The Cedar City plant, owned by American Pacific Corp. in Las Vegas -- the same company that owned PEPCON, employs about 150 people.

Neilsen, who saw the damage near Henderson, said, "This is nothing compared to that. Nothing."

Baldeck, a maintenance supervisor, was one of the workers who transferred from PEPCON to WECCO in 1989, when the company built a $70 million facility in southern Utah.

Baldeck and Meachum were working in a "dust-collecting area in the external part of the building," said firefighter Paul Irons. He said he pulled Baldeck's body from the debris. The other two injured workers were outside the building when the blast occurred.

"(Baldeck) looked like he died from the explosion, not the fire," Irons said.

The plant sits behind the Wassage Mountains' Three Peaks, about 15 miles northwest of Cedar City and "away from people," Neilsen said. Cattle roam nearby.

"That's why it's where it's at," he said. "They want to avoid any kind of problem. It didn't tear the building apart. It didn't tear houses apart."

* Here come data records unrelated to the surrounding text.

(* Let $F$ be a contravariant functor from the category of unital $C^*$-algebras to the category of sets whose restriction to the full subcategory of commutative unital $C^*$-algebras is isomorphic to $\operatorname{Gelf}$. Then for every unital $C^*$-algebra $A$ and every integer $n\geq 3$, $F(\mathrm{M}_n(A))=\varnothing$.
   Context: Morphisms of unital $C^*$-algebras are identity-preserving $*$-homomorphisms. $\operatorname{Gelf}(A)$ is the set of maximal ideals of a commutative unital $C^*$-algebra $A$, with a morphism $f$ sent to $M\mapsto f^{-1}(M)$. $\mathrm{M}_n(A)$ is the $C^*$-algebra of $n\times n$ matrices over $A$. *)

theory Defs
  imports Complex_Main "HOL-Library.FuncSet"
begin

record 'a cstar =
  ca_carrier :: "'a set"
  ca_add :: "'a \<Rightarrow> 'a \<Rightarrow> 'a"
  ca_mul :: "'a \<Rightarrow> 'a \<Rightarrow> 'a"
  ca_scale :: "complex \<Rightarrow> 'a \<Rightarrow> 'a"
  ca_star :: "'a \<Rightarrow> 'a"
  ca_norm :: "'a \<Rightarrow> real"
  ca_zero :: "'a"
  ca_one :: "'a"

definition ca_diff :: "'a cstar \<Rightarrow> 'a \<Rightarrow> 'a \<Rightarrow> 'a" where
  "ca_diff A x y = ca_add A x (ca_scale A (-1) y)"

Neilsen said his response time to the accident "was pretty fast. I ran 115 miles per hour all the way out." Twenty-two firefighters followed.

Alan Wade and a Utah Highway Patrol officer had to drive a half a mile away before they could get out from under the cloud of smoke.

Wade, supervisor at the Iron County Solid Waste Landfill, about a mile from WECCO, was standing near the road when the blast hit. Wade disposes nonhazardous waste for WECCO. The landfill sits a mile from the plant's main gate on Iron Springs Road.

"We could see the smoke," he said. "The ammonium perchlorate just blew up."

He jumped in his truck and headed for the plant. That's when he said he saw the Utah Highway Patrol trooper.

"I told him to get out of the smoke," Wade said. "It blew away pretty fast. The way the wind was blowing, there really wasn't that much danger to people. It would be hard to create an explosion like there was in Henderson."

Wade, who attended training for hazardous waste identification at WECCO just the day before, said the plant is designed so that only a few people are allowed in the area of the ammonium perchlorate "at any given time in case it blows."

Henderson Mayor Jim Gibson, president and chief executive officer of American Pacific, said in a prepared statement: "The incident may have occurred as employees were attempting to clear a plugged dust collector. The cause of the obstruction is the matter of intense focus and investigation."

Production of the chemical "was not interrupted," Gibson said. "(But) that does not detract from the tragic loss of a human life and the pain endured by those who were injured."

Two buildings at the plant house the production of ammonium perchlorate.

The plant, which produces products for space flight and defense, automotive airbags and fire extinguishers, was shut down until 1 p.m. The building where the blast occurred will remain down for about two weeks, Neilsen said.

Lisa Worthen, who lives two miles from the plant with her 11-year-old son, felt and heard the blast.

"I told my son, 'Don't go outside. Don't breathe the air."

Neighbors were evacuated for a short time until the smoke dissipated, she said.